:: WHAT YOU NEED TO DO ::
Nothing is needed except the lines below that run from the one with "using M by (simp add: M\<^sub>a_def)" through the one with "using eigenvalue_root_char_poly[OF M\<^sub>a]", repeated exactly.

START ENTRIES SUPPLIED

lemma root_of_monic_int_poly_if_eigenvector:
  fixes A :: "nat \<Rightarrow> nat \<Rightarrow> int" and v :: "nat \<Rightarrow> 'a::field_char_0"
  assumes "k < n" "v k \<noteq> 0"
    and eigen: "\<And>i. i < n \<Longrightarrow> x * v i = (\<Sum>j<n. of_int (A i j) * v j)"
  obtains p :: "int poly" where "degree p = n" "lead_coeff p = 1" "poly (map_poly of_int p) x = 0"
proof -
  define M where "M = Matrix.mat n n (\<lambda>(i, j). A i j)"
  have M: "M \<in> carrier_mat n n"
    by (simp add: M_def)
  define M\<^sub>a where "M\<^sub>a = map_mat (of_int :: int \<Rightarrow> 'a) M"
  have M\<^sub>a: "M\<^sub>a \<in> carrier_mat n n"
    using M by (simp add: M\<^sub>a_def)
  define w where "w = Matrix.vec n v"
  have "eigenvector M\<^sub>a w x"
    unfolding eigenvector_def
  proof (intro conjI)
    show "w \<in> carrier_vec (dim_row M\<^sub>a)"
      using M\<^sub>a by (simp add: w_def)
    show "w \<noteq> 0\<^sub>v (dim_row M\<^sub>a)"
      using assms(1,2) M\<^sub>a by (auto simp: w_def dest: arg_cong[where f = "\<lambda>u. vec_index u k"])
    show "M\<^sub>a *\<^sub>v w = x \<cdot>\<^sub>v w"
      by (rule eq_vecI)
        (auto simp: M\<^sub>a_def M_def w_def scalar_prod_def lessThan_atLeast0 eigen mult.commute)
  qed
  then have "poly (char_poly M\<^sub>a) x = 0"
    using eigenvalue_root_char_poly[OF M\<^sub>a] by (auto simp: eigenvalue_def)
  moreover have "char_poly M\<^sub>a = map_poly of_int (char_poly M)"
    unfolding M\<^sub>a_def by (rule of_int_hom.char_poly_hom[OF M])
  ultimately have "poly (map_poly of_int (char_poly M)) x = 0"
    by simp
  with degree_monic_char_poly[OF M] show thesis
    by (intro that) auto
qed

END ENTRIES SUPPLIED

:: RESULT OF THIS EXERCISE ::
    using M by (simp add: M\<^sub>a_def)
  define w where "w = Matrix.vec n v"
  have "eigenvector M\<^sub>a w x"
    unfolding eigenvector_def
  proof (intro conjI)
    show "w \<in> carrier_vec (dim_row M\<^sub>a)"
      using M\<^sub>a by (simp add: w_def)
    show "w \<noteq> 0\<^sub>v (dim_row M\<^sub>a)"
      using assms(1,2) M\<^sub>a by (auto simp: w_def dest: arg_cong[where f = "\<lambda>u. vec_index u k"])
    show "M\<^sub>a *\<^sub>v w = x \<cdot>\<^sub>v w"
      by (rule eq_vecI)
        (auto simp: M\<^sub>a_def M_def w_def scalar_prod_def lessThan_atLeast0 eigen mult.commute)
  qed
  then have "poly (char_poly M\<^sub>a) x = 0"
    using eigenvalue_root_char_poly[OF M\<^sub>a] by (auto simp: eigenvalue_def)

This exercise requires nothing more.